Frieda Schmitt-Lermann (born 24 May 1885) was a German composer and pianist who wrote music for orchestra, television, theatre and voice.

== Life ==
Schmitt-Lermann was born in Würzburg. She studied piano privately in Augsburg, then studied composition in Munich with Josef Schmid. Little is known about Schmitt-Lermann’s personal life.

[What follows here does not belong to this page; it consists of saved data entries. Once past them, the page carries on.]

definition additive_la :: "'w set set \<Rightarrow> ('w set \<Rightarrow> real) \<Rightarrow> bool" where
  "additive_la \<Sigma> lam \<longleftrightarrow>
     (\<forall>A\<in>\<Sigma>. \<forall>B\<in>\<Sigma>. A \<inter> B = {} \<longrightarrow> lam (A \<union> B) = lam A + lam B)"

definition subjective_model :: "'p \<Rightarrow> 'p \<Rightarrow> 'w set \<Rightarrow> ('p form \<Rightarrow> 'w set) \<Rightarrow> 'w set set \<Rightarrow> ('w set \<Rightarrow> real) \<Rightarrow> bool" where
  "subjective_model TT FF \<Omega> t \<Sigma> lam \<longleftrightarrow>
     truth_valuation TT FF \<Omega> t \<and> likelihood_appraisal \<Omega> \<Sigma> lam \<and> range t \<subseteq> \<Sigma>"

definition value_of :: "('p form \<Rightarrow> 'w set) \<Rightarrow> ('w set \<Rightarrow> real) \<Rightarrow> ('p form \<Rightarrow> real) \<Rightarrow> real" where
  "value_of t lam b = (\<Sum>a\<in>supp b. b a * lam (t a))"

definition represents :: "('p form \<Rightarrow> 'w set) \<Rightarrow> ('w set \<Rightarrow> real) \<Rightarrow> 'p pref \<Rightarrow> bool" where
  "represents t lam R \<longleftrightarrow>
     (\<forall>b\<in>bets. \<forall>b'\<in>bets. R b b' \<longleftrightarrow> value_of t lam b \<ge> value_of t lam b')"

end

theory Submission
  imports Defs
begin

(* By the von Neumann-Morgenstern argument, Objective Expected Utility and Non-Triviality make
   every bet b indifferent to exactly one calibration lottery calib x, which bets on T with
   weight x and on F with weight 1 - x. Writing u a for the weight calibrating the sure bet on a,
   Independence propagates this along mixtures: b is indifferent to calib (sum of b a * u a), so
   expected u-utility represents the preference, and Equivalence makes u constant on classes of
   equivalent formulas. Conversely, any model with an exact truth valuation yields such a
   representing utility u = lam o t. Finally, u is realised by two models: t a = [0, u a) in [0, 1)
   with Lebesgue measure (exact and additive), and t a = the admissible valuations satisfying a
   (sound), where lam (t a) = u a is well defined because t a = t c exactly when a and c are
   equivalent. *)

definition expected_utility :: "('p form \<Rightarrow> real) \<Rightarrow> ('p form \<Rightarrow> real) \<Rightarrow> real" where
  "expected_utility u b = (\<Sum>a\<in>supp b. b a * u a)"

definition utility_represents :: "('p form \<Rightarrow> real) \<Rightarrow> 'p pref \<Rightarrow> bool" where
  "utility_represents u R \<longleftrightarrow>
     (\<forall>b\<in>bets. \<forall>b'\<in>bets. R b b' \<longleftrightarrow> expected_utility u b' \<le> expected_utility u b)"

definition normalized_utility :: "'p \<Rightarrow> 'p \<Rightarrow> ('p form \<Rightarrow> real) \<Rightarrow> bool" where
  "normalized_utility TT FF u \<longleftrightarrow>
     (\<forall>a. 0 \<le> u a \<and> u a \<le> 1) \<and> u (Atom TT) = 1 \<and> u (Atom FF) = 0
     \<and> (\<forall>a c. equivf TT FF a c \<longrightarrow> u a = u c)"

lemma represents_iff_utility_represents:
  "represents t lam R \<longleftrightarrow> utility_represents (\<lambda>a. lam (t a)) R"
  by (simp add: represents_def utility_represents_def value_of_def expected_utility_def)

lemma is_betD:
  assumes "is_bet b"
  shows "finite (supp b)" "0 \<le> b a" "b a \<le> 1" "sum b (supp b) = 1"
  using assms unfolding is_bet_def by blast+

lemma sum_supp_superset:
  assumes "finite S" "supp b \<subseteq> S"
  shows "sum b S = sum b (supp b)"
  by (rule sum.mono_neutral_right) (use assms in \<open>auto simp: supp_def\<close>)

lemma expected_utility_superset:
  assumes "finite S" "supp b \<subseteq> S"
  shows "expected_utility u b = (\<Sum>a\<in>S. b a * u a)"
  unfolding expected_utility_def
  by (rule sum.mono_neutral_left) (use assms in \<open>auto simp: supp_def\<close>)

lemma mix_0 [simp]: "mix 0 b b' = b'"
  and mix_1 [simp]: "mix 1 b b' = b"
  and mix_same [simp]: "mix \<alpha> b b = b"
  by (simp_all add: mix_def algebra_simps)

lemma mix_swap: "mix \<alpha> b b' = mix (1 - \<alpha>) b' b"
  by (simp add: mix_def algebra_simps fun_eq_iff)

lemma supp_mix_subset: "supp (mix \<alpha> b b') \<subseteq> supp b \<union> supp b'"
  by (auto simp: supp_def mix_def)

lemma is_bet_mix:
  assumes b: "is_bet b" and b': "is_bet b'" and \<alpha>: "0 \<le> \<alpha>" "\<alpha> \<le> 1"
  shows "is_bet (mix \<alpha> b b')"
proof -
  let ?S = "supp b \<union> supp b'"
  have fin: "finite ?S" using is_betD(1)[OF b] is_betD(1)[OF b'] by simp
  have "0 \<le> mix \<alpha> b b' a \<and> mix \<alpha> b b' a \<le> 1" for a
    using is_betD(2,3)[OF b, of a] is_betD(2,3)[OF b', of a] \<alpha>
    by (simp add: mix_def convex_bound_le)
  moreover have "sum (mix \<alpha> b b') ?S = \<alpha> * sum b ?S + (1 - \<alpha>) * sum b' ?S"
    by (simp add: mix_def sum.distrib sum_distrib_left)
  ultimately show ?thesis
    using sum_supp_superset[OF fin supp_mix_subset] finite_subset[OF supp_mix_subset fin]
      sum_supp_superset[OF fin, of b] sum_supp_superset[OF fin, of b'] is_betD(4)[OF b] is_betD(4)[OF b']
    by (simp add: is_bet_def)
qed

lemma mix_in_bets: "b \<in> bets \<Longrightarrow> b' \<in> bets \<Longrightarrow> 0 \<le> \<alpha> \<Longrightarrow> \<alpha> \<le> 1 \<Longrightarrow> mix \<alpha> b b' \<in> bets"
  by (simp add: bets_def is_bet_mix)

lemma expected_utility_mix:
  assumes "is_bet b" "is_bet b'"
  shows "expected_utility u (mix \<alpha> b b') = \<alpha> * expected_utility u b + (1 - \<alpha>) * expected_utility u b'"
proof -
  let ?S = "supp b \<union> supp b'"
  have fin: "finite ?S" using is_betD(1)[OF assms(1)] is_betD(1)[OF assms(2)] by simp
  have "(\<Sum>a\<in>?S. mix \<alpha> b b' a * u a) = \<alpha> * (\<Sum>a\<in>?S. b a * u a) + (1 - \<alpha>) * (\<Sum>a\<in>?S. b' a * u a)"
    by (simp add: mix_def sum.distrib sum_distrib_left distrib_right mult.assoc)
  then show ?thesis
    using expected_utility_superset[OF fin supp_mix_subset]
      expected_utility_superset[OF fin, of b] expected_utility_superset[OF fin, of b'] by simp
qed

lemma supp_bet_on: "supp (bet_on a) = {a}"
  by (auto simp: supp_def bet_on_def)

lemma is_bet_bet_on: "is_bet (bet_on a)"
  unfolding is_bet_def supp_bet_on by (simp add: bet_on_def)

lemma bet_on_in_bets: "bet_on a \<in> bets"
  by (simp add: bets_def is_bet_bet_on)

lemma expected_utility_bet_on: "expected_utility u (bet_on a) = u a"
  unfolding expected_utility_def supp_bet_on by (simp add: bet_on_def)

lemma expected_utility_bounds:
  assumes b: "is_bet b" and u: "\<And>a. 0 \<le> u a \<and> u a \<le> 1"
  shows "0 \<le> expected_utility u b \<and> expected_utility u b \<le> 1"
proof
  show "0 \<le> expected_utility u b"
    unfolding expected_utility_def using is_betD(2)[OF b] u by (simp add: sum_nonneg)
  have "expected_utility u b \<le> (\<Sum>a\<in>supp b. b a)"
    unfolding expected_utility_def
    using is_betD(2)[OF b] u by (intro sum_mono) (simp add: mult_left_le)
  then show "expected_utility u b \<le> 1" using is_betD(4)[OF b] by simp
qed

lemma is_bet_remove:
  assumes b: "is_bet b" and a: "b a < 1"
  shows "is_bet (\<lambda>c. if c = a then 0 else b c / (1 - b a))" (is "is_bet ?b'")
proof -
  have fin: "finite (supp b)" and nonneg: "\<And>c. 0 \<le> b c" using is_betD[OF b] by auto
  have supp': "supp ?b' = supp b - {a}" using a by (auto simp: supp_def)
  have rest: "sum b (supp b - {a}) = 1 - b a"
    using sum.remove[OF fin, of a b] is_betD(4)[OF b] by (cases "a \<in> supp b") (auto simp: supp_def)
  have "b c \<le> 1 - b a" if "c \<noteq> a" for c
  proof (cases "c \<in> supp b")
    case True
    then show ?thesis using member_le_sum[of c "supp b - {a}" b] nonneg fin that rest by simp
  next
    case False
    then show ?thesis using a by (simp add: supp_def)
  qed
  moreover have "sum ?b' (supp ?b') = 1"
    using rest a unfolding supp' by (simp add: sum_divide_distrib[symmetric])
  ultimately show ?thesis
    using fin nonneg a unfolding is_bet_def supp' by auto
qed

Schmitt-Lermann’s Kompositionen fuer Violine und Klavier was recorded commercially  on LP KASKA 1 BLN 30. Her music was published by Boehm & Sohn and Otto Halbreiter. Her compositions included:

== Chamber ==

- Kompositionen fuer Violine und Klavier

== Orchestra ==

- Allerseelen Symphonic Poem
- Indische Maerchen Symphonic Poem
- Serenade

== Theatre ==

- Das Lied von der Glocke (text by Friedrich Schiller)
- music for television

== Vocal ==

- Das Lied von der Glocke (choir and piano; text by Friedrich Schiller)
- Deutsche Schulmesse (two voices and organ)
- Drei Lieder
- Graduale fuer Mariae Empfangnis (choir and organ)
- “Liebeslied”
- “Lied vor de Trauung”
- Mass in F
- Offertorium fuer Christi Himmelfahrt (choir and orchestra)
- Songs
- “Vor der Trennung: wenn ich mit Menschen und mit Engelzungen”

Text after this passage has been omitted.